Tally every line in the following material that has the word "dots" in it, and answer with that figure alone.
____ PROVIDED RECORDS
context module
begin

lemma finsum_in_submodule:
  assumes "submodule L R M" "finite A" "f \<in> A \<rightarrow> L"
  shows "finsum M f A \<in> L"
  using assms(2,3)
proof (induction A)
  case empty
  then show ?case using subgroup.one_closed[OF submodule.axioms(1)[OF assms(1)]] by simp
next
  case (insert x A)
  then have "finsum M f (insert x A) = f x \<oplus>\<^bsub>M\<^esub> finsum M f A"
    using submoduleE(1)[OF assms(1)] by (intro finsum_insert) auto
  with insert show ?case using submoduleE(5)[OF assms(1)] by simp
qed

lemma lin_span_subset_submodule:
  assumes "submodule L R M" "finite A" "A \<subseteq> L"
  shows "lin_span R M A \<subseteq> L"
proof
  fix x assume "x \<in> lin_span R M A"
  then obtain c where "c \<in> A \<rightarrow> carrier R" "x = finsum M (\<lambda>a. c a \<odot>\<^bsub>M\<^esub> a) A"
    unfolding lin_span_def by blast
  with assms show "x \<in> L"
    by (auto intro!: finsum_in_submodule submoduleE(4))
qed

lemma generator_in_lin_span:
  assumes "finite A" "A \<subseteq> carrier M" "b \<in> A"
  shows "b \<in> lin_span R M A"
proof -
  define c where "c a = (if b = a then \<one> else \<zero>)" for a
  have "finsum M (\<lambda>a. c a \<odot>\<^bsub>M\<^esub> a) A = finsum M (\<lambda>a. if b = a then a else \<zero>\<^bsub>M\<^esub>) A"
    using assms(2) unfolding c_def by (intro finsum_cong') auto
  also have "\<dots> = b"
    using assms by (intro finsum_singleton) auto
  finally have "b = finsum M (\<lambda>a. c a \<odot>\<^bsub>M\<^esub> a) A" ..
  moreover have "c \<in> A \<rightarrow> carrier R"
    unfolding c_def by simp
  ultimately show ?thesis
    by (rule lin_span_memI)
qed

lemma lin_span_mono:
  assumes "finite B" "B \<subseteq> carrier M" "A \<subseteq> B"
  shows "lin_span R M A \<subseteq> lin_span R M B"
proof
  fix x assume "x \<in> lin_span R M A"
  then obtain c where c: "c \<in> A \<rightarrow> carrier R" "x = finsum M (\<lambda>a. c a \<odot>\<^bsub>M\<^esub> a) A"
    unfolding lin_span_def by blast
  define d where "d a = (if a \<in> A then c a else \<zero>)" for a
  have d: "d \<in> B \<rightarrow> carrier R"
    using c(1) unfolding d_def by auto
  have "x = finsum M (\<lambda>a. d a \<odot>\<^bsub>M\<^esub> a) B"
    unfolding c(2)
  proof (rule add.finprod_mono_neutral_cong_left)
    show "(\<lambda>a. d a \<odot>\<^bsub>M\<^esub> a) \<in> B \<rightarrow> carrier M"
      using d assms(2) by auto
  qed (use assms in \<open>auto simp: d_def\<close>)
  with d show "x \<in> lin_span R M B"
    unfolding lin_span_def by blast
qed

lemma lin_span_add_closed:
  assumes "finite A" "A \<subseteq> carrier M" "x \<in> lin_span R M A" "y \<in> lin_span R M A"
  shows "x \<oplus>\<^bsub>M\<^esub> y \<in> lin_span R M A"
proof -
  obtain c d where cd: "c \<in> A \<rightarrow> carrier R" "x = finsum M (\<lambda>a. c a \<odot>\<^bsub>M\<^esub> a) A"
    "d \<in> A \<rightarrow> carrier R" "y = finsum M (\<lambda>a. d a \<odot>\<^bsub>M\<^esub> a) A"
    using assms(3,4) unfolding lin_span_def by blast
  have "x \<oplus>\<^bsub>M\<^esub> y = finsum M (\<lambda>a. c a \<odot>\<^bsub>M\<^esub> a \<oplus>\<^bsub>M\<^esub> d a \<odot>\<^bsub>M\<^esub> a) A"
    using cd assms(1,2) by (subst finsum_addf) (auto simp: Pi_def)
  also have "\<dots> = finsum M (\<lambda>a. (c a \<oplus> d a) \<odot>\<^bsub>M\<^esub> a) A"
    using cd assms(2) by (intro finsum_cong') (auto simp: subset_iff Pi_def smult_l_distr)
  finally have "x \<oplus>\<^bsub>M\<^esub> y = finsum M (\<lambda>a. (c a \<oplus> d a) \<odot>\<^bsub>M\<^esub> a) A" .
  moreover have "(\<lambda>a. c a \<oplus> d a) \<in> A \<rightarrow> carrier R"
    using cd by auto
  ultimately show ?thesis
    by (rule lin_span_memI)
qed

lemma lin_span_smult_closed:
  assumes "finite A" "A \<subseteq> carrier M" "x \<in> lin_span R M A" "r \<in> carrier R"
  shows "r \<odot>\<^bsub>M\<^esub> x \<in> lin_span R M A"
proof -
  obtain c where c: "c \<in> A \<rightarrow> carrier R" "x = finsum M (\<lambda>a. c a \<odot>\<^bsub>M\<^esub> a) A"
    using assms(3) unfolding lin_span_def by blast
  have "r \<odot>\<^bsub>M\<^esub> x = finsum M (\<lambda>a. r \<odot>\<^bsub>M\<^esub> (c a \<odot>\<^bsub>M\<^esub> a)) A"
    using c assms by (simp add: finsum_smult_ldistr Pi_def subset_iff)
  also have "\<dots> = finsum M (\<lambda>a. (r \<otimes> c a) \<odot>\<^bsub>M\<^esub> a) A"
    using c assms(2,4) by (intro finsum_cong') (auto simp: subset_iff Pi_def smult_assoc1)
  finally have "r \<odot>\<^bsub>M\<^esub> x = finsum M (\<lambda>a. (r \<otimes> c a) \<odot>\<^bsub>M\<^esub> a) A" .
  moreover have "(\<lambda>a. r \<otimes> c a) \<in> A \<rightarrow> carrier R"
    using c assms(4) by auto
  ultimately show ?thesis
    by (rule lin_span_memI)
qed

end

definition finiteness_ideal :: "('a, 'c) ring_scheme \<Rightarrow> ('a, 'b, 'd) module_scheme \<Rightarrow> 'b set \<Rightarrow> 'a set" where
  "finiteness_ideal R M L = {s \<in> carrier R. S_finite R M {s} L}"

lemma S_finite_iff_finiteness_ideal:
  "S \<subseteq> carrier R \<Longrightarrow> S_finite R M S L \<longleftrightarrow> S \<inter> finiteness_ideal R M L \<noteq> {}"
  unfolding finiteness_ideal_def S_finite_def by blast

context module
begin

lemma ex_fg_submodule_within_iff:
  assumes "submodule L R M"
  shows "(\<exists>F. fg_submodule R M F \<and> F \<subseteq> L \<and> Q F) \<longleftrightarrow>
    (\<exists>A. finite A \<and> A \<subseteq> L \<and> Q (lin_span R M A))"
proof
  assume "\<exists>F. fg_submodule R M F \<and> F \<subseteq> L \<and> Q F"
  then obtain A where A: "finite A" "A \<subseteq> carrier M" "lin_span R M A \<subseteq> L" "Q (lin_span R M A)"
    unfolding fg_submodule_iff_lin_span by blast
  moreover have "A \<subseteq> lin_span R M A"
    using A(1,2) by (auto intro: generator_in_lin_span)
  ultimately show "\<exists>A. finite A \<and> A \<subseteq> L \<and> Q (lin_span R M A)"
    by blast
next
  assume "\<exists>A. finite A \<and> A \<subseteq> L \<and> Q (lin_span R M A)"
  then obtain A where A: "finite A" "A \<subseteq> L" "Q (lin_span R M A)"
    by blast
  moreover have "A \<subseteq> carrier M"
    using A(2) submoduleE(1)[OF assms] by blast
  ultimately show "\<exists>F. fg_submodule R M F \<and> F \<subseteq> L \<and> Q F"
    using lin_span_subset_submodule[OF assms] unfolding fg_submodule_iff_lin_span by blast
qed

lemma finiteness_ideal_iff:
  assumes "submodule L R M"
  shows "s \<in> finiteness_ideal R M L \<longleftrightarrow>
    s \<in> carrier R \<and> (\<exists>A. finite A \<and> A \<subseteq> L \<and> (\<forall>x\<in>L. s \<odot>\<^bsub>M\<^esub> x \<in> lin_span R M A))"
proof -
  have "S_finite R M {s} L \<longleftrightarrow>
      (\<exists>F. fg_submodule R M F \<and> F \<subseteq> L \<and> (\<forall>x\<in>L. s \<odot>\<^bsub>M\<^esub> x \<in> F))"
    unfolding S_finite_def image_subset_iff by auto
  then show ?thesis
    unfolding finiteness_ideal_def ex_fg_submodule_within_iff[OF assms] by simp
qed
________
| COMPLETED EXERCISE |
3